**Work required:** The data below must be returned in full and exactly.

**Input records:**
(* Let $d\ge 2$ and let $\rho$ be a diagonal symmetric state on $\mathbb{C}^d\otimes\mathbb{C}^d$ that is PPT (i.e. $\rho^{T_B}\succeq 0$), and suppose its associated matrix $M(\rho)$ has rank at most $2$. Then $\rho$ is separable.
   Context: Let $\{\ket{0},\dots,\ket{d-1}\}$ be the computational basis of $\mathbb{C}^d$. Define $\ket{D_{ii}}=\ket{ii}$ and, for $i<j$, $\ket{D_{ij}}=(\ket{ij}+\ket{ji})/\sqrt{2}$. A state $\rho$ on $\mathbb{C}^d\otimes\mathbb{C}^d$ is diagonal symmetric (DS) if $\rho=\sum_{0\le i\le j<d}p_{ij}\ket{D_{ij}}\bra{D_{ij}}$ with $p_{ij}\ge 0$ and $\sum_{i\le j}p_{ij}=1$; set $p_{ji}=p_{ij}$. Its associated matrix $M(\rho)$ is the real symmetric $d\times d$ matrix with $M(\rho)_{ii}=p_{ii}$ and $M(\rho)_{ij}=p_{ij}/2$ for $i\ne j$. A state is separable if it is a convex combination of product states $\rho^A\otimes\rho^B$. The partial transpose $\rho^{T_B}$ is taken with respect to the computational basis of the second factor. *)

theory Defs
  imports "HOL-Analysis.Analysis"
begin

definition ket :: "'a::finite \<Rightarrow> complex^'a" where
  "ket i = axis i 1"

definition proj :: "complex^'a \<Rightarrow> complex^'a^'a" where
  "proj v = (\<chi> a b. v $ a * cnj (v $ b))"

definition Dket :: "'n::finite \<Rightarrow> 'n \<Rightarrow> complex^('n \<times> 'n)" where
  "Dket i j = (if i = j then ket (i, i)
               else (1 / sqrt 2) *\<^sub>R (ket (i, j) + ket (j, i)))"

definition ds_state :: "('n::{finite,linorder} \<Rightarrow> 'n \<Rightarrow> real) \<Rightarrow> complex^('n\<times>'n)^('n\<times>'n)" where
  "ds_state p = (\<Sum>(i,j) \<in> {(i,j). i \<le> j}. p i j *\<^sub>R proj (Dket i j))"

definition assoc_matrix :: "('n::finite \<Rightarrow> 'n \<Rightarrow> real) \<Rightarrow> real^'n^'n" where
  "assoc_matrix p = (\<chi> i j. if i = j then p i i else p i j / 2)"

**Response below:**
(* Let $d\ge 2$ and let $\rho$ be a diagonal symmetric state on $\mathbb{C}^d\otimes\mathbb{C}^d$ that is PPT (i.e. $\rho^{T_B}\succeq 0$), and suppose its associated matrix $M(\rho)$ has rank at most $2$. Then $\rho$ is separable.
   Context: Let $\{\ket{0},\dots,\ket{d-1}\}$ be the computational basis of $\mathbb{C}^d$. Define $\ket{D_{ii}}=\ket{ii}$ and, for $i<j$, $\ket{D_{ij}}=(\ket{ij}+\ket{ji})/\sqrt{2}$. A state $\rho$ on $\mathbb{C}^d\otimes\mathbb{C}^d$ is diagonal symmetric (DS) if $\rho=\sum_{0\le i\le j<d}p_{ij}\ket{D_{ij}}\bra{D_{ij}}$ with $p_{ij}\ge 0$ and $\sum_{i\le j}p_{ij}=1$; set $p_{ji}=p_{ij}$. Its associated matrix $M(\rho)$ is the real symmetric $d\times d$ matrix with $M(\rho)_{ii}=p_{ii}$ and $M(\rho)_{ij}=p_{ij}/2$ for $i\ne j$. A state is separable if it is a convex combination of product states $\rho^A\otimes\rho^B$. The partial transpose $\rho^{T_B}$ is taken with respect to the computational basis of the second factor. *)

theory Defs
  imports "HOL-Analysis.Analysis"
begin

definition ket :: "'a::finite \<Rightarrow> complex^'a" where
  "ket i = axis i 1"

definition proj :: "complex^'a \<Rightarrow> complex^'a^'a" where
  "proj v = (\<chi> a b. v $ a * cnj (v $ b))"

definition Dket :: "'n::finite \<Rightarrow> 'n \<Rightarrow> complex^('n \<times> 'n)" where
  "Dket i j = (if i = j then ket (i, i)
               else (1 / sqrt 2) *\<^sub>R (ket (i, j) + ket (j, i)))"

definition ds_state :: "('n::{finite,linorder} \<Rightarrow> 'n \<Rightarrow> real) \<Rightarrow> complex^('n\<times>'n)^('n\<times>'n)" where
  "ds_state p = (\<Sum>(i,j) \<in> {(i,j). i \<le> j}. p i j *\<^sub>R proj (Dket i j))"

definition assoc_matrix :: "('n::finite \<Rightarrow> 'n \<Rightarrow> real) \<Rightarrow> real^'n^'n" where
  "assoc_matrix p = (\<chi> i j. if i = j then p i i else p i j / 2)"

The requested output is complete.